Hi.  I saw this yesterday, but deferred till today to answer.  I ended up writing a short article on this topic here, but let me summarize and answer at least a few of your questions now.

SQLite vs Table

  • Size - SQLite wins by a lot.
  • Speed - Tables win by a huge margin.
  • Versatility - SQLite wins hands-down.

Memory Question

I’m a little unclear on what you meant when you said import.  Did you mean your random access memory usage increased when you loaded the DB file into memory?  This seems a little odd.  I could be wrong, but as I have tested and recall, one of the benefits of SQLite is that you don’t actually load the whole DB into memory, just indexing data.  However, this may vary from device to device.

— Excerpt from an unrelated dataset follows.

(* Fix $c>0$ and an integer $K\ge1$, and let $p_n=c/n$. For the SFAP exploration algorithm on $n$ vertices (described in the context), let $A_k(t)=|\mathcal{A}_k(t)|$ and $\alpha^n_k(t)=A_k(\lfloor nt\rfloor)/n$ for $t\in[0,1]$, $1\le k\le K$, and $\boldsymbol\alpha^n(t)=(\alpha^n_1(t),\dots,\alpha^n_K(t))$. For $\boldsymbol\alpha=(\alpha_1,\dots,\alpha_K)$ and $1\le k\le K$ define $$\delta_k(\boldsymbol\alpha)=e^{-c\alpha_k}\prod_{r=1}^{k-1}\big(1-e^{-c\alpha_r}\big).$$ Then the integral equations $\alpha_k(t)=\int_0^t\delta_k(\boldsymbol\alpha(s))\,ds$, $1\le k\le K$, $t\in[0,1]$, have a unique solution $\boldsymbol\alpha(t)$, and the process $\{\boldsymbol\alpha^n(t)\}_{0\le t\le1}$ converges in distribution (uniformly on $[0,1]$) to the deterministic process $\{\boldsymbol\alpha(t)\}_{0\le t\le1}$. Consequently, if $N_k(n)$ is the number of vertices using frequency $k$ in the final state of the SFAP model on $G(n,c/n)$, then for all $1\le k\le K$, $N_k(n)/n\to\alpha_k(1)$ in distribution as $n\to\infty$.
   Context: Empty products equal one. $G(n,p_n)$ is the Erdős–Rényi random graph on $[n]$ with independent edge probability $p_n$. SFAP model: given $G(n,p_n)$, vertices are selected one at a time uniformly at random among those not yet selected; a selected vertex receives the smallest frequency in $\{1,\dots,K\}$ not used by any of its neighbours, and if all $K$ frequencies are used by neighbours it gets no frequency (frozen). $N_k(n)$ is the number of vertices with frequency $k$ after all $n$ vertices are selected. SFAP exploration algorithm: maintain $\mathcal{A}_k(t)$ ($1\le k\le K$: explored vertices with frequency $k$; $\mathcal{A}_0(t)$: explored frozen vertices) and unexplored set $\mathcal{U}(t)$, initially empty and $[n]$. At step $t+1$, select $v\in\mathcal{U}(t)$ uniformly, remove it from $\mathcal{U}$, join it to each explored vertex independently with probability $p_n$; let $\mathcal{F}_v$ be $\{1,\dots,K\}$ minus the set of $k\ge1$ such that $v$ is joined to some vertex of $\mathcal{A}_k(t)$; if $\mathcal{F}_v\neq\varnothing$, $v$ joins $\mathcal{A}_{\min\mathcal{F}_v}$, otherwise $v$ joins $\mathcal{A}_0$. Convergence in distribution of processes is understood as uniform convergence over compact sets. *)

theory Defs
  imports "HOL-Probability.Probability" "HOL-Combinatorics.Multiset_Permutations"
begin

Now, if you create a table in memory indexed by words, it will be HUGE.  Check out my article for some meaningful numbers and comparisons.

PS - The article has a link to my test code so you can use it for comparison to your own efforts.

@RoamingGamer

Wow this a fantastic write up! This was the sort of thing I was looking for. If I understand your analysis correctly, SQLite may not be the fastest but it is preferable to tables because of the added benefits. I guess speed won’t be such a big problem after all since I’m not validating anywhere near 1000 words at any given time - only around 16 at most.

Just to clarify, when I said memory I meant RAM, and when I mentioned the size of the DB I was talking persistent storage. It seems that storing that huge word list in a lua table isn’t worth it from a RAM perspective.

I do have a question about how you encoded your word list into the SQLite db though. I took the YAWL word list found here and used the sqlite shell for Mac to import the list into my table like so:

sqlite3\> .open GameSetup.sqlite (the database) sqlite3\> .import word.list WordList (the word table)

After doing that the persistent size of my db swelled to the 15MB that I mentioned earlier. It might be possible that I screwed up the import as I ran that command multiple times (by accident). However, last night I decided to delete all entries in that table, then try the import again using the ENABLE2Kword list (only once this time) and then performed the VACUUM statement on that table. The size shrank from 15MB to ~9MB, but it’s still no where near the size of the text file which is ~2MB.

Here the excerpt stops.